Financial Reporting vs Managerial Reporting.    The text mentions the differences between financial reporting and managerial...

Financial Reporting vs Managerial Reporting.   

The text mentions the differences between financial reporting and managerial reporting. What specific uses for financial reports and managerial reports have you seen? Identify any company that you know of that would be a ultra-user of managerial reporting.

Solutions

Expert Solution

Financial reporting is compliance oriented and is used for external purposes. It encompasses the standard weekly, monthly and quarterly reports that companies receive each month which include:

  •      Profit and Loss Statement
  •      Balance Sheet
  •      Accounts Payable
  •      Accounts Receivable
  •      Statement of Cash Flows

These reports are mandatory for all businesses. Banks, investors and regulators use these reports to approve loans, lines of credits and to make sure you are following GAAP (Generally Accepted Accounting Principles).
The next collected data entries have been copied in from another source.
(* Let $X\in\mathcal L(V)$ be positive semidefinite with $r=\mathrm{rank}(X)$. Then for every irreducible type $\xi$, $A_\xi(X)\preceq r\,B_\xi(X)$ in the Loewner order. In particular, if $P$ is the orthogonal projector onto a $K$-dimensional subspace $\mathcal C\subseteq V$, then $A_\xi(P)\preceq K\,B_\xi(P)$.
   Context: Let $G$ be a group and $V$ a finite-dimensional complex Hilbert space with a unitary representation $\rho$ of $G$; $G$ acts on $\mathcal L(V)$ by conjugation, unitarily for $\langle X_1,X_2\rangle=\mathrm{Tr}(X_1^\dagger X_2)$. Let $\mathcal L(V)=\bigoplus_\xi\mathcal E_\xi$ be the isotypic decomposition, $m_\xi$ the multiplicity and $d_\xi$ the dimension of type $\xi$. Choose an orthogonal decomposition $\mathcal E_\xi=\bigoplus_{\alpha=1}^{m_\xi}\mathcal E_{\xi\alpha}$ into irreducibles, $G$-equivariant isometric isomorphisms $\phi^\xi_{1\alpha}:\mathcal E_{\xi1}\to\mathcal E_{\xi\alpha}$ ($\phi^\xi_{11}=\mathrm{id}$), an orthonormal basis $\{E_i^1\}_{i=1}^{d_\xi}$ of $\mathcal E_{\xi1}$, and put $E_i^\alpha=\phi^\xi_{1\alpha}(E_i^1)$. Matrix-valued enumerators: $[A_\xi(X)]_{\alpha\beta}=\sum_{i=1}^{d_\xi}\mathrm{Tr}(X^\dagger E_i^\beta)\mathrm{Tr}(X(E_i^\alpha)^\dagger)$ and $[B_\xi(X)]_{\alpha\beta}=\sum_{i=1}^{d_\xi}\mathrm{Tr}(X^\dagger(E_i^\alpha)^\dagger XE_i^\beta)$. For Hermitian matrices, $A\preceq B$ means $B-A$ is positive semidefinite. *)

theory Defs
  imports "Jordan_Normal_Form.Jordan_Normal_Form" "Jordan_Normal_Form.DL_Rank"
    "Jordan_Normal_Form.Schur_Decomposition" "HOL-Algebra.Group"
begin

text \<open>V = complex n-dimensional Hilbert space C^n with the standard inner product;
  L(V) = complex n x n matrices (carrier_mat n n).\<close>

definition unitary_mat :: "nat \<Rightarrow> complex mat \<Rightarrow> bool" where
  "unitary_mat n U \<longleftrightarrow> U \<in> carrier_mat n n \<and> mat_adjoint U * U = 1\<^sub>m n \<and> U * mat_adjoint U = 1\<^sub>m n"

definition unitary_rep :: "('g, 'b) monoid_scheme \<Rightarrow> nat \<Rightarrow> ('g \<Rightarrow> complex mat) \<Rightarrow> bool" where
  "unitary_rep G n \<rho> \<longleftrightarrow> group G \<and> (\<forall>g\<in>carrier G. unitary_mat n (\<rho> g)) \<and>
     (\<forall>g\<in>carrier G. \<forall>h\<in>carrier G. \<rho> (g \<otimes>\<^bsub>G\<^esub> h) = \<rho> g * \<rho> h)"

definition mtrace :: "complex mat \<Rightarrow> complex" where
  "mtrace A = (\<Sum>i<dim_row A. A $$ (i, i))"

definition hs :: "complex mat \<Rightarrow> complex mat \<Rightarrow> complex" where
  "hs X Y = mtrace (mat_adjoint X * Y)"

definition conj_act :: "('g \<Rightarrow> complex mat) \<Rightarrow> 'g \<Rightarrow> complex mat \<Rightarrow> complex mat" where
  "conj_act \<rho> g X = \<rho> g * X * mat_adjoint (\<rho> g)"

definition subspace_L :: "nat \<Rightarrow> complex mat set \<Rightarrow> bool" where
  "subspace_L n W \<longleftrightarrow> W \<subseteq> carrier_mat n n \<and> 0\<^sub>m n n \<in> W \<and>
     (\<forall>X\<in>W. \<forall>Y\<in>W. X + Y \<in> W) \<and> (\<forall>c. \<forall>X\<in>W. c \<cdot>\<^sub>m X \<in> W)"

definition span_L :: "nat \<Rightarrow> complex mat set \<Rightarrow> complex mat set" where
  "span_L n S = \<Inter>{W. subspace_L n W \<and> S \<subseteq> W}"

definition invariant_L :: "('g, 'b) monoid_scheme \<Rightarrow> ('g \<Rightarrow> complex mat) \<Rightarrow> complex mat set \<Rightarrow> bool" where
  "invariant_L G \<rho> W \<longleftrightarrow> (\<forall>g\<in>carrier G. \<forall>X\<in>W. conj_act \<rho> g X \<in> W)"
These reports reflect the financial standing of your business at a specific point in time. They show the overall picture of how your company is performing but don’t give you real insight into the specifics of your operations. They look backward and don’t really inform you on how the business might perform next month or next quarter.

You will be able to dive deeper into the financial standing of your company through management reports which consist of:

  •      Profit and Loss by Class - Department, Team, Job
  • Realization Rate   
  •      Utilization Rate

Unlike financial reports, management accounting is not mandatory and is for internal use only. Your company doesn’t have to follow GAAP guidelines when producing the reports.

Instead of an overall evaluation of the company, management reporting is focused on segments of the business. By segmenting, you can get into the details and analyze the drivers of your business.

An example would be analyzing how the Marketing Department is performing for a certain time period, or how much profit one Sales Employee had a certain month.

Management reports are great for CEOs to gain insight on specific areas of their business. However, you want to make sure you are getting the right reports that your business needs to drive strategic decision making. You don’t want to put the work into pulling reports that aren’t being acted upon.

Obviously, managers use management accounting to make day-to-day and longer-term strategic decisions. The information provided in managerial accounting reports takes extra work and expense to compile and review, but they save considerable time by providing managers with information that can be difficult to gather empirically.

In a business that practices open-book management, employees also use managerial accounting. By giving staff training in understanding financial statements and access to relevant reports, a business can get workers engaged and interested at the front lines. Employees can track ongoing information about everything from regional sales to materials waste and can monitor changes and improvements in areas where they contribute.

Bankers and investors can also be users of managerial accounting, especially when these reports are provided as background information in a business plan or loan package. Standard financial reports such as income statements and balance sheets are required for most financing applications, and other reports such as store-by-store sales figures and cost-accounting figures can add context, showing where there is the most potential for growth and profitability.